### PROBLEM REQUIREMENTS
In the records below, find each line that holds "unfolding" and return it.

### Saved entries
•••
lemma continuous_right:
  assumes "0 \<le> x"
  shows "continuous_on {0..} (F x)"
proof -
  obtain L where L: "0 \<le> L"
    and lip: "\<And>y y'. 0 \<le> y \<Longrightarrow> y \<le> y' \<Longrightarrow> F x y' \<le> F x y + L * (y' - y)"
    using lipschitz_right assms by blast
  have "dist (F x y) (F x y') \<le> L * dist y y'" if "0 \<le> y" "y \<le> y'" for y y'
  proof -
    have "\<bar>F x y - F x y'\<bar> = F x y' - F x y" "\<bar>y - y'\<bar> = y' - y"
      using mono[OF assms order.refl that] that by auto
    then show ?thesis
      using lip[OF that] by (simp add: dist_real_def)
  qed
  then have "dist (F x y) (F x y') \<le> L * dist y y'" if "0 \<le> y" "0 \<le> y'" for y y'
    using that by (metis dist_commute nle_le)
  then have "L-lipschitz_on {0..} (F x)"
    using L by (intro lipschitz_onI) auto
  then show ?thesis
    by (rule lipschitz_on_continuous_on)
qed

lemma less_add_diagonal:
  assumes "0 \<le> x" "0 \<le> y" "0 < \<delta>" "V \<le> F x y"
  shows "V < F (x + \<delta>) (y + \<delta>)"
  using superadditive[of x y \<delta> \<delta>] pos[of \<delta> \<delta>] assms by auto

lemma decrease_right_above:
  assumes x: "0 \<le> x" and y: "0 \<le> y" and V: "0 \<le> V" "V < F x y"
  shows "\<exists>\<epsilon>>0. \<epsilon> \<le> y \<and> V < F x (y - \<epsilon>)"
proof -
  obtain L where L: "0 \<le> L"
    and lip: "\<And>y y'. 0 \<le> y \<Longrightarrow> y \<le> y' \<Longrightarrow> F x y' \<le> F x y + L * (y' - y)"
    using lipschitz_right x by blast
  have "y \<noteq> 0"
    using V zero_right[OF x] by auto
  define \<epsilon> where "\<epsilon> = min y ((F x y - V) / (L + 1))"
  have \<epsilon>: "0 < \<epsilon>" "\<epsilon> \<le> y"
    using y V \<open>y \<noteq> 0\<close> L unfolding \<epsilon>_def by auto
  have "L * \<epsilon> \<le> L * ((F x y - V) / (L + 1))"
    unfolding \<epsilon>_def using L by (intro mult_left_mono) auto
  also have "\<dots> < F x y - V"
    using L V by (simp add: field_simps)
  finally have "F x y < F x (y - \<epsilon>) + (F x y - V)"
    using lip[of "y - \<epsilon>" y] \<epsilon> by simp
  then show ?thesis
    using \<epsilon> by auto
qed

end

definition linear_envelope :: "(real \<times> real) set \<Rightarrow> real \<Rightarrow> real \<Rightarrow> real" where
  "linear_envelope K x y = Inf ((\<lambda>(a, b). y * a + x * b) ` K)"

lemma linear_envelope_le:
  assumes "compact K" "(a, b) \<in> K"
  shows "linear_envelope K x y \<le> y * a + x * b"
proof -
  have "continuous_on K (\<lambda>(a, b). y * a + x * b)"
    unfolding split_beta by (intro continuous_intros)
  then have "bdd_below ((\<lambda>(a, b). y * a + x * b) ` K)"
    using assms(1) by (intro bounded_imp_bdd_below compact_imp_bounded compact_continuous_image)
  then show ?thesis
    unfolding linear_envelope_def using assms(2) by (intro cInf_lower) auto
qed

lemma linear_envelope_attained:
  assumes "compact K" "K \<noteq> {}"
  obtains a b where "(a, b) \<in> K" "linear_envelope K x y = y * a + x * b"
proof -
  have "continuous_on K (\<lambda>p. y * fst p + x * snd p)"
    by (intro continuous_intros)
  then obtain p where p: "p \<in> K" "\<And>q. q \<in> K \<Longrightarrow> y * fst p + x * snd p \<le> y * fst q + x * snd q"
    using continuous_attains_inf[OF assms] by blast
  have "linear_envelope K x y = y * fst p + x * snd p"
    unfolding linear_envelope_def
  proof (rule cInf_eq_minimum)
    show "y * fst p + x * snd p \<in> (\<lambda>(a, b). y * a + x * b) ` K"
      using p(1) by (rule rev_image_eqI) (simp add: split_beta)
    show "y * fst p + x * snd p \<le> z" if "z \<in> (\<lambda>(a, b). y * a + x * b) ` K" for z
      using that p(2) by (auto simp: split_beta)
  qed
  then show thesis
    using that[of "fst p" "snd p"] p(1) by simp
qed

lemma linear_envelope_zero_right:
  assumes K: "compact K" "K \<subseteq> {0..} \<times> {0..}" and zero: "(a0, 0) \<in> K" and x: "0 \<le> x"
  shows "linear_envelope K x 0 = 0"
proof -
  obtain a b where "(a, b) \<in> K" "linear_envelope K x 0 = 0 * a + x * b"
    using linear_envelope_attained[OF K(1), where x = x and y = 0] zero by blast
  then have "0 \<le> linear_envelope K x 0"
    using K(2) x by auto
  then show ?thesis
    using linear_envelope_le[OF K(1) zero, of x 0] by simp
qed

lemma linear_envelope_mono:
  assumes K: "compact K" "K \<subseteq> {0..} \<times> {0..}" "K \<noteq> {}"
    and "0 \<le> x" "x \<le> x'" "0 \<le> y" "y \<le> y'"
  shows "linear_envelope K x y \<le> linear_envelope K x' y'"
proof -
  obtain a b where ab: "(a, b) \<in> K" "linear_envelope K x' y' = y' * a + x' * b"
    using linear_envelope_attained[OF K(1,3), where x = x' and y = y'] by blast
  have "linear_envelope K x y \<le> y * a + x * b"
    using linear_envelope_le[OF K(1) ab(1)] .
  also have "\<dots> \<le> y' * a + x' * b"
    using assms ab(1) by (intro add_mono mult_right_mono) auto
  finally show ?thesis
    using ab by simp
qed

lemma linear_envelope_superadditive:
  assumes K: "compact K" "K \<noteq> {}"
  shows "linear_envelope K x1 y1 + linear_envelope K x2 y2 \<le> linear_envelope K (x1 + x2) (y1 + y2)"
proof -
  obtain a b where ab: "(a, b) \<in> K"
    "linear_envelope K (x1 + x2) (y1 + y2) = (y1 + y2) * a + (x1 + x2) * b"
    using linear_envelope_attained[OF K, where x = "x1 + x2" and y = "y1 + y2"] by blast
  show ?thesis
    using linear_envelope_le[OF K(1) ab(1), of x1 y1] linear_envelope_le[OF K(1) ab(1), of x2 y2] ab(2)
    by (simp add: algebra_simps)
qed

lemma linear_envelope_homogeneous:
  assumes K: "compact K" "K \<noteq> {}" and k: "0 < k"
  shows "linear_envelope K (k * x) (k * y) = k * linear_envelope K x y"
proof -
  obtain a b where ab: "(a, b) \<in> K" "linear_envelope K (k * x) (k * y) = (k * y) * a + (k * x) * b"
    using linear_envelope_attained[OF K, where x = "k * x" and y = "k * y"] by blast
  obtain a' b' where ab': "(a', b') \<in> K" "linear_envelope K x y = y * a' + x * b'"
    using linear_envelope_attained[OF K, where x = x and y = y] by blast
  have "k * linear_envelope K x y \<le> linear_envelope K (k * x) (k * y)"
    using mult_left_mono[OF linear_envelope_le[OF K(1) ab(1), of x y], of k] k ab(2)
    by (simp add: algebra_simps)
  moreover have "linear_envelope K (k * x) (k * y) \<le> k * linear_envelope K x y"
    using linear_envelope_le[OF K(1) ab'(1), of "k * x" "k * y"] ab'(2) by (simp add: algebra_simps)
  ultimately show ?thesis
    by simp
qed

lemma linear_envelope_pos:
  assumes K: "compact K" "K \<subseteq> {0..} \<times> {0..}" "K \<noteq> {}" and no_origin: "(0, 0) \<notin> K"
    and "0 < x" "0 < y"
  shows "0 < linear_envelope K x y"
proof -
  obtain a b where ab: "(a, b) \<in> K" "linear_envelope K x y = y * a + x * b"
    using linear_envelope_attained[OF K(1,3), where x = x and y = y] by blast
  then have "0 \<le> a" "0 \<le> b" "a \<noteq> 0 \<or> b \<noteq> 0"
    using K(2) no_origin by auto
  then show ?thesis
    using ab(2) assms by (auto simp: add_pos_nonneg add_nonneg_pos)
qed

lemma linear_envelope_lipschitz_right:
  assumes K: "compact K" "K \<subseteq> {0..} \<times> {0..}" "K \<noteq> {}"
  shows "\<exists>L\<ge>0. \<forall>x y y'. 0 \<le> x \<longrightarrow> 0 \<le> y \<longrightarrow> y \<le> y' \<longrightarrow>
    linear_envelope K x y' \<le> linear_envelope K x y + L * (y' - y)"
proof -
  obtain p where p: "p \<in> K" "\<And>q. q \<in> K \<Longrightarrow> fst q \<le> fst p"
    using continuous_attains_sup[OF K(1,3) continuous_on_fst[OF continuous_on_id]] by blast
  have "linear_envelope K x y' \<le> linear_envelope K x y + fst p * (y' - y)" if "y \<le> y'" for x y y'
  proof -
    obtain a b where ab: "(a, b) \<in> K" "linear_envelope K x y = y * a + x * b"
      using linear_envelope_attained[OF K(1,3), where x = x and y = y] by blast
    have "linear_envelope K x y' \<le> linear_envelope K x y + (y' - y) * a"
      using linear_envelope_le[OF K(1) ab(1), of x y'] ab(2) by (simp add: algebra_simps)
    also have "\<dots> \<le> linear_envelope K x y + (y' - y) * fst p"
      using p(2)[OF ab(1)] that by (intro add_left_mono mult_left_mono) auto
    finally show ?thesis
      by (simp add: mult.commute)
  qed
  moreover have "0 \<le> fst p"
    using p(1) K(2) by auto
  ultimately show ?thesis
    by blast
qed

lemma rate_function_linear_envelope:
  assumes K: "compact K" "K \<subseteq> {0..} \<times> {0..}" and zero: "(a0, 0) \<in> K" and no_origin: "(0, 0) \<notin> K"
  shows "rate_function (linear_envelope K)"
proof -
  have ne: "K \<noteq> {}"
    using zero by auto
  show ?thesis
  proof
    show "linear_envelope K x 0 = 0" if "0 \<le> x" for x
      using linear_envelope_zero_right[OF K zero that] .
    show "linear_envelope K x y \<le> linear_envelope K x' y'"
      if "0 \<le> x" "x \<le> x'" "0 \<le> y" "y \<le> y'" for x x' y y'
      using linear_envelope_mono[OF K ne that] .
    show "linear_envelope K x1 y1 + linear_envelope K x2 y2 \<le> linear_envelope K (x1 + x2) (y1 + y2)"
      for x1 y1 x2 y2
      using linear_envelope_superadditive[OF K(1) ne] .
    show "linear_envelope K (k * x) (k * y) = k * linear_envelope K x y" if "0 < k" for k x y
      using linear_envelope_homogeneous[OF K(1) ne that] .
    show "0 < linear_envelope K x y" if "0 < x" "0 < y" for x y
      using linear_envelope_pos[OF K ne no_origin that] .
  qed (rule linear_envelope_lipschitz_right[OF K ne])
qed

lemma rateG_eq_linear_envelope:
  "rateG Dv \<Theta> \<theta>s d dst = linear_envelope
     ((\<lambda>(t1, t2). (Dv (\<theta>s d) t1, Dv (\<theta>s dst) t2)) ` {(t1, t2) \<in> \<Theta> \<times> \<Theta>. fst t2 \<le> fst t1})"
proof (intro ext)
  fix x y
  have "{y * Dv (\<theta>s d) t1 + x * Dv (\<theta>s dst) t2 | t1 t2. t1 \<in> \<Theta> \<and> t2 \<in> \<Theta> \<and> fst t2 \<le> fst t1}
    = (\<lambda>(t1, t2). y * Dv (\<theta>s d) t1 + x * Dv (\<theta>s dst) t2) ` {(t1, t2) \<in> \<Theta> \<times> \<Theta>. fst t2 \<le> fst t1}"
    by fastforce
  then show "rateG Dv \<Theta> \<theta>s d dst x y = linear_envelope
     ((\<lambda>(t1, t2). (Dv (\<theta>s d) t1, Dv (\<theta>s dst) t2)) ` {(t1, t2) \<in> \<Theta> \<times> \<Theta>. fst t2 \<le> fst t1}) x y"
    unfolding rateG_def linear_envelope_def image_image by (simp add: case_prod_beta)
qed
•••
### ANSWER SECTION
    using y V \<open>y \<noteq> 0\<close> L unfolding \<epsilon>_def by auto
    unfolding \<epsilon>_def using L by (intro mult_left_mono) auto
    unfolding split_beta by (intro continuous_intros)
    unfolding linear_envelope_def using assms(2) by (intro cInf_lower) auto
    unfolding linear_envelope_def
    unfolding rateG_def linear_envelope_def image_image by (simp add: case_prod_beta)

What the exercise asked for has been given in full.